Only the lines from the one containing "(PartT j R'" to the end of the records belong in the output; print them exactly.

## RECORDS PROVIDED
------

lemma f_field_config:
  assumes "finite B" "finite A" "0 \<notin> A"
  shows "f_field c (config B A) = 2 * (\<Sum>b\<in>B. real b + c) + 2 * (\<Sum>a\<in>A. real a - c)"
proof -
  have "(\<Sum>\<^sub>\<infinity>i\<in>{i::int. i \<ge> 1}. (real_of_int i - c) * (if config B A i = -1 then 1 else 0))
      = (\<Sum>\<^sub>\<infinity>i\<in>int ` A. real_of_int i - c)"
  proof (rule infsum_cong_neutral)
    fix i assume "i \<in> {i::int. i \<ge> 1} - int ` A"
    then have "1 \<le> i" "nat i \<notin> A"
      by (auto simp: image_iff)
    then show "(real_of_int i - c) * (if config B A i = -1 then 1 else 0) = 0"
      by (simp add: config_def)
  qed (use assms(3) in \<open>auto simp: config_def not_less_eq_eq\<close>)
  also have "\<dots> = (\<Sum>a\<in>A. real a - c)"
    using assms(2) by (simp add: sum.reindex)
  finally have right: "(\<Sum>\<^sub>\<infinity>i\<in>{i::int. i \<ge> 1}. (real_of_int i - c) * (if config B A i = -1 then 1 else 0))
      = (\<Sum>a\<in>A. real a - c)" .
  have "(\<Sum>\<^sub>\<infinity>i\<in>{i::int. i \<le> 0}. (real_of_int i - c) * (if config B A i = 1 then 1 else 0))
      = (\<Sum>\<^sub>\<infinity>i\<in>(\<lambda>b. - int b) ` B. real_of_int i - c)"
  proof (rule infsum_cong_neutral)
    fix i assume "i \<in> {i::int. i \<le> 0} - (\<lambda>b. - int b) ` B"
    then have "i \<le> 0" "nat (- i) \<notin> B"
      by (auto simp: image_iff)
    then show "(real_of_int i - c) * (if config B A i = 1 then 1 else 0) = 0"
      by (simp add: config_def)
  qed (auto simp: config_def)
  also have "\<dots> = (\<Sum>b\<in>B. - (real b + c))"
    using assms(1) by (simp add: sum.reindex inj_on_def)
  also have "\<dots> = - (\<Sum>b\<in>B. real b + c)"
    by (rule sum_negf)
  finally have left: "(\<Sum>\<^sub>\<infinity>i\<in>{i::int. i \<le> 0}. (real_of_int i - c) * (if config B A i = 1 then 1 else 0))
      = - (\<Sum>b\<in>B. real b + c)" .
  show ?thesis
    unfolding f_field_def left right by simp
qed
(* There are finite languages $L_1, L_2$ with regular expressions of length $O(n)$ such that (a) $\mathrm{rpn}(L_1 \cap L_2) \geq n^{\Omega(\log n)}$, (b) $\mathrm{rpn}(\operatorname{shuffle}(L_1, L_2)) \geq n^{\Omega(\log n)}$. There is a regular language $L \subseteq \Sigma^*$ with regular expressions of length $O(n)$, such that (c) $\mathrm{rpn}(L \cap \Sigma^n) \geq n^{\Omega(\log n)}$.
   Context: Regular expressions are built from $\emptyset$, $\epsilon$, letters of an alphabet $\Sigma$, union $(+)$, concatenation $(\cdot)$ and star $(^* )$. The length $\mathrm{rpn}(R)$ of an expression $R$ is its reverse polish length, i.e., the number of nodes in its syntax tree; for a regular language $L$, $\mathrm{rpn}(L)$ is the length of a shortest expression describing $L$. The shuffle (interleaving) of two words $v,w$ is the set of all words of the form $v_1 w_1 v_2 w_2 \cdots v_k w_k$ with $k\in\mathbb{N}$, $v_i,w_i\in\Sigma^*$, $v_1\cdots v_k = v$ and $w_1\cdots w_k = w$; the shuffle of two languages is $\operatorname{shuffle}(L_1,L_2)=\bigcup_{v\in L_1, w\in L_2}\operatorname{shuffle}(v,w)$. *)

theory Defs
  imports Complex_Main
begin

datatype 'a rexp = Zero | One | Atom 'a | Plus "'a rexp" "'a rexp"
  | Times "'a rexp" "'a rexp" | Star "'a rexp"

definition conc :: "'a list set \<Rightarrow> 'a list set \<Rightarrow> 'a list set" where
  "conc A B = {u @ v | u v. u \<in> A \<and> v \<in> B}"

inductive_set star :: "'a list set \<Rightarrow> 'a list set" for A where
  star_Nil: "[] \<in> star A"
| star_app: "u \<in> A \<Longrightarrow> v \<in> star A \<Longrightarrow> u @ v \<in> star A"

fun lang :: "'a rexp \<Rightarrow> 'a list set" where
  "lang Zero = {}"
| "lang One = {[]}"
| "lang (Atom a) = {[a]}"
| "lang (Plus r s) = lang r \<union> lang s"
| "lang (Times r s) = conc (lang r) (lang s)"
| "lang (Star r) = star (lang r)"

text \<open>Reverse polish length = number of nodes of the syntax tree.\<close>
fun rpn_len :: "'a rexp \<Rightarrow> nat" where
  "rpn_len Zero = 1"
| "rpn_len One = 1"
| "rpn_len (Atom a) = 1"
| "rpn_len (Plus r s) = rpn_len r + rpn_len s + 1"
| "rpn_len (Times r s) = rpn_len r + rpn_len s + 1"
| "rpn_len (Star r) = rpn_len r + 1"

text \<open>Length of a shortest expression describing L (meaningful for regular L).\<close>
definition rpn :: "'a list set \<Rightarrow> nat" where
  "rpn L = (LEAST k. \<exists>r. lang r = L \<and> rpn_len r = k)"

definition shuffle_lang :: "'a list set \<Rightarrow> 'a list set \<Rightarrow> 'a list set" where
  "shuffle_lang L1 L2 = (\<Union>v\<in>L1. \<Union>w\<in>L2. shuffles v w)"

end
lemma complexity_arith:
  fixes s d n L e N G :: real
  assumes s: "1 \<le> s" and d: "1 \<le> d" and L: "0 \<le> L" "L \<le> n"
    and N: "0 \<le> N" "N \<le> s * (d * (2 + e) + 1)" and e: "e \<le> L + 2"
    and G: "0 \<le> G" "G \<le> 5 + s + d + e"
  shows "1 + N \<le> 6 * s * d * (1 + L)"
    and "n + (3 * N + 1) * (1 + G + 2 * n + s * (d + 1)) \<le> 250 * (s * d + n) * s * d * (1 + L)"
proof -
  define P where "P = s * d"
  define X where "X = P * (1 + L)"
  define Y where "Y = P + n"
  have P: "1 \<le> P" "s \<le> P" "d \<le> P"
    using mult_mono[OF s d] mult_left_mono[OF d, of s] mult_right_mono[OF s, of d] s d
    by (simp_all add: P_def)
  have X_eq: "X = P + P * L" by (simp add: X_def algebra_simps)
  have PL: "0 \<le> P * L" using P L by simp
  have X: "P \<le> X" using X_eq PL by simp
  have Y: "1 \<le> Y" "n \<le> Y" "P \<le> Y" using P L by (simp_all add: Y_def)
  have "d * (2 + e) + 1 \<le> d * (4 + L) + 1" using d e by simp
  then have "N \<le> s * (d * (4 + L) + 1)"
    using N(2) s mult_left_mono[of "d * (2 + e) + 1" "d * (4 + L) + 1" s] by linarith
  also have "\<dots> = 4 * P + P * L + s" by (simp add: P_def algebra_simps)
  also have "\<dots> \<le> 5 * X" using P PL X_eq by linarith
  finally have N5: "N \<le> 5 * X" .
  then show "1 + N \<le> 6 * s * d * (1 + L)"
    using X P by (simp add: X_def P_def algebra_simps)
  have "1 + G + 2 * n + s * (d + 1) = 1 + G + 2 * n + P + s" by (simp add: P_def algebra_simps)
  also have "\<dots> \<le> 15 * Y" using G e L P Y by linarith
  finally have "1 + G + 2 * n + s * (d + 1) \<le> 15 * Y" .
  then have "(3 * N + 1) * (1 + G + 2 * n + s * (d + 1)) \<le> (16 * X) * (15 * Y)"
    using N5 X P N(1) G(1) L s d by (intro mult_mono) auto
  moreover have "Y \<le> X * Y" using mult_right_mono[of 1 X Y] X P Y by simp
  ultimately have "n + (3 * N + 1) * (1 + G + 2 * n + s * (d + 1)) \<le> 241 * (X * Y)"
    using Y(2) by simp
  also have "\<dots> \<le> 250 * (X * Y)" using X Y P by simp
  finally show "n + (3 * N + 1) * (1 + G + 2 * n + s * (d + 1)) \<le> 250 * (s * d + n) * s * d * (1 + L)"
    by (simp add: X_def Y_def P_def algebra_simps)
qed

section \<open>Runs of generalized binary splitting\<close>

definition gbsa_run :: "nat \<Rightarrow> nat \<Rightarrow> nat set \<Rightarrow> bool list \<Rightarrow> bool" where
  "gbsa_run n d k bs \<longleftrightarrow> gbsa n d bs = GResult k \<and>
     (\<forall>l b. prefix (l @ [b]) bs \<longrightarrow> (\<exists>h. gbsa n d l = GTest h \<and> (b \<longleftrightarrow> h \<inter> k \<noteq> {})))"

lemma gbsa_run_prefix_eq:
  assumes "gbsa_run n d k xs" "gbsa_run n d k ys" "prefix xs ys"
  shows "xs = ys"
proof (rule ccontr)
  assume "xs \<noteq> ys"
  with assms(3) obtain b where "prefix (xs @ [b]) ys" by (rule prefix_neqE)
  then show False using assms(1,2) unfolding gbsa_run_def by (metis gresult.distinct(1))
qed

lemma gbsa_run_not_diverges_left:
  assumes "gbsa_run n d k xs" "gbsa_run n d k ys"
  shows "\<not> diverges_left xs ys"
proof
  assume "diverges_left xs ys"
  then obtain u r1 r2 where "xs = u @ False # r1" "ys = u @ True # r2"
    by (auto simp: diverges_left_iff)
  then have "prefix (u @ [False]) xs" "prefix (u @ [True]) ys" by (simp_all add: prefix_def)
  then show False using assms unfolding gbsa_run_def by (metis gresult.inject(1))
qed

lemma gbsa_run_unique: "gbsa_run n d k xs \<Longrightarrow> gbsa_run n d k ys \<Longrightarrow> xs = ys"
  using prefix_or_diverges_left gbsa_run_prefix_eq gbsa_run_not_diverges_left by metis

definition gstate_output :: "gstate \<Rightarrow> gresult" where
  "gstate_output st = (case st of
       GDone K \<Rightarrow> GResult K
     | PartT j R K \<Rightarrow> GTest (set R)
     | SearchT j R C K \<Rightarrow> GTest (set (take (length C div 2) C)))"

lemma gbsa_eq_gstate_output: "gbsa n d l = gstate_output (gbsa_state n d l)"
  unfolding gbsa_def gstate_output_def ..

lemma length_gbsa_part: "length (gbsa_part n d j) \<le> Suc (n div d)"
proof -
  have "Suc j * n div d = (j * n + n) div d" by (simp add: add.commute)
  also have "\<dots> = j * n div d + n div d + (j * n mod d + n mod d) div d"
    by (rule div_add1_eq)
  also have "(j * n mod d + n mod d) div d \<le> 1"
  proof (cases "d = 0")
    case False
    then have "j * n mod d < d" "n mod d < d" by simp_all
    then have "j * n mod d + n mod d < 2 * d" by linarith
    then have "(j * n mod d + n mod d) div d < 2" by (rule less_mult_imp_div_less)
    then show ?thesis by simp
  qed simp
  finally show ?thesis by (simp add: gbsa_part_def)
qed

lemma distinct_gbsa_part: "distinct (gbsa_part n d j)"
  by (simp add: gbsa_part_def)

locale gbsa_target =
  fixes n d :: nat and k :: "nat set"
  assumes d_pos: "1 \<le> d" and k_subset: "k \<subseteq> {..<n}"
begin

abbreviation depth :: nat where "depth \<equiv> ceillog2 (Suc (n div d))"

definition lo :: "nat \<Rightarrow> nat" where "lo j = j * n div d"

lemma set_gbsa_part: "set (gbsa_part n d j) = {lo j..<lo (Suc j)}"
  by (simp add: gbsa_part_def lo_def)

lemma finite_k: "finite k"
  using k_subset finite_subset by blast

definition consistent_part :: "nat \<Rightarrow> nat list \<Rightarrow> nat set \<Rightarrow> bool" where
  "consistent_part j R K \<longleftrightarrow> j < d \<and> distinct R \<and> set R \<subseteq> {lo j..<lo (Suc j)} \<and>
     K = k \<inter> ({..<lo (Suc j)} - set R)"

fun consistent :: "gstate \<Rightarrow> bool" where
  "consistent (GDone K) \<longleftrightarrow> K = k"
| "consistent (PartT j R K) \<longleftrightarrow> consistent_part j R K"
| "consistent (SearchT j R C K) \<longleftrightarrow>
     consistent_part j R K \<and> set C \<subseteq> set R \<and> k \<inter> set C \<noteq> {} \<and> 2 \<le> length C"

text \<open>The term \<open>d - j\<close> pays for the negative tests of the remaining parts; every element
  of \<open>k\<close> not yet found pays for one positive part test and at most \<open>depth\<close> halvings.\<close>

fun potential :: "gstate \<Rightarrow> nat" where
  "potential (GDone K) = 0"
| "potential (PartT j R K) = (d - j) + card (k - K) * (1 + depth)"
| "potential (SearchT j R C K) =
     ceillog2 (length C) + (d - j) + (card (k - K) - 1) * (1 + depth)"

lemma ceillog2_length_part:
  assumes "consistent_part j R K"
  shows "ceillog2 (length R) \<le> depth"
proof -
  have "length R = card (set R)"
    using assms by (simp add: consistent_part_def distinct_card)
  also have "\<dots> \<le> card (set (gbsa_part n d j))"
    using assms by (intro card_mono) (auto simp: consistent_part_def set_gbsa_part)
  also have "\<dots> \<le> Suc (n div d)"
    using card_length length_gbsa_part order_trans by blast
  finally show ?thesis by (rule ceillog2_mono)
qed

lemma card_missing_pos:
  assumes "consistent_part j R K" "c \<in> set R" "c \<in> k"
  shows "1 \<le> card (k - K)"
proof -
  have "k - K \<noteq> {}" using assms by (auto simp: consistent_part_def)
  then have "0 < card (k - K)" using finite_k by (simp add: card_gt_0_iff)
  then show ?thesis by simp
qed

lemma start_part_consistent:
  assumes "j \<le> d" "K = k \<inter> {..<lo j}"
  shows "consistent (gbsa_start_part n d j K) \<and>
         potential (gbsa_start_part n d j K) \<le> (d - j) + card (k - K) * (1 + depth)"
proof (cases "d \<le> j")
  case True
  then have "j = d" using assms(1) by simp
  then have "lo j = n" using d_pos unfolding lo_def by simp
  then have "K = k" using assms k_subset by auto
  then show ?thesis using True by (simp add: gbsa_start_part_def)
next
  case False
  have "lo j \<le> lo (Suc j)" by (simp add: lo_def div_le_mono)
  then have "K = k \<inter> ({..<lo (Suc j)} - {lo j..<lo (Suc j)})" using assms by auto
  then show ?thesis
    using False
    by (simp add: gbsa_start_part_def consistent_part_def set_gbsa_part[symmetric] distinct_gbsa_part)
qed

lemma found_consistent:
  assumes cons: "consistent_part j R K" and c: "c \<in> set R" "c \<in> k"
  shows "consistent (gbsa_found n d j R c K) \<and>
         potential (gbsa_found n d j R c K) \<le> (d - j) + (card (k - K) - 1) * (1 + depth)"
proof -
  define R' where "R' = remove1 c R"
  define K' where "K' = insert c K"
  have set_R': "set R' = set R - {c}"
    using cons by (simp add: R'_def consistent_part_def set_remove1_eq)
  have "c \<notin> K" using cons c by (auto simp: consistent_part_def)
  moreover have "k - K' = (k - K) - {c}" by (auto simp: K'_def)
  ultimately have card_K': "card (k - K') = card (k - K) - 1"
    using c finite_k by (simp add: card_Diff_singleton)
  have K': "K' = k \<inter> ({..<lo (Suc j)} - set R')"
    using cons c by (auto simp: K'_def set_R' consistent_part_def)
  show ?thesis
  proof (cases "R' = []")
    case True
    have "Suc j \<le> d" using cons by (simp add: consistent_part_def)
    moreover have "K' = k \<inter> {..<lo (Suc j)}" using K' True by simp
    ultimately have "consistent (gbsa_start_part n d (Suc j) K') \<and>
      potential (gbsa_start_part n d (Suc j) K') \<le> (d - Suc j) + card (k - K') * (1 + depth)"
      by (rule start_part_consistent)
    moreover have "gbsa_found n d j R c K = gbsa_start_part n d (Suc j) K'"
      using True by (simp add: gbsa_found_def R'_def K'_def)
    ultimately show ?thesis using card_K' by auto
  next
    case False
    have "distinct R'" "set R' \<subseteq> set R"
      using cons set_R' by (simp_all add: consistent_part_def R'_def)
    then have "consistent (PartT j R' K')"
      using cons K' by (auto simp: consistent_part_def)
    moreover have "gbsa_found n d j R c K = PartT j R' K'"
      using False by (simp add: gbsa_found_def R'_def K'_def Let_def)
    ultimately show ?thesis using card_K' by simp
  qed
qed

------

## ANSWER SPACE
    then have "consistent (PartT j R' K')"
      using cons K' by (auto simp: consistent_part_def)
    moreover have "gbsa_found n d j R c K = PartT j R' K'"
      using False by (simp add: gbsa_found_def R'_def K'_def Let_def)
    ultimately show ?thesis using card_K' by simp
  qed
qed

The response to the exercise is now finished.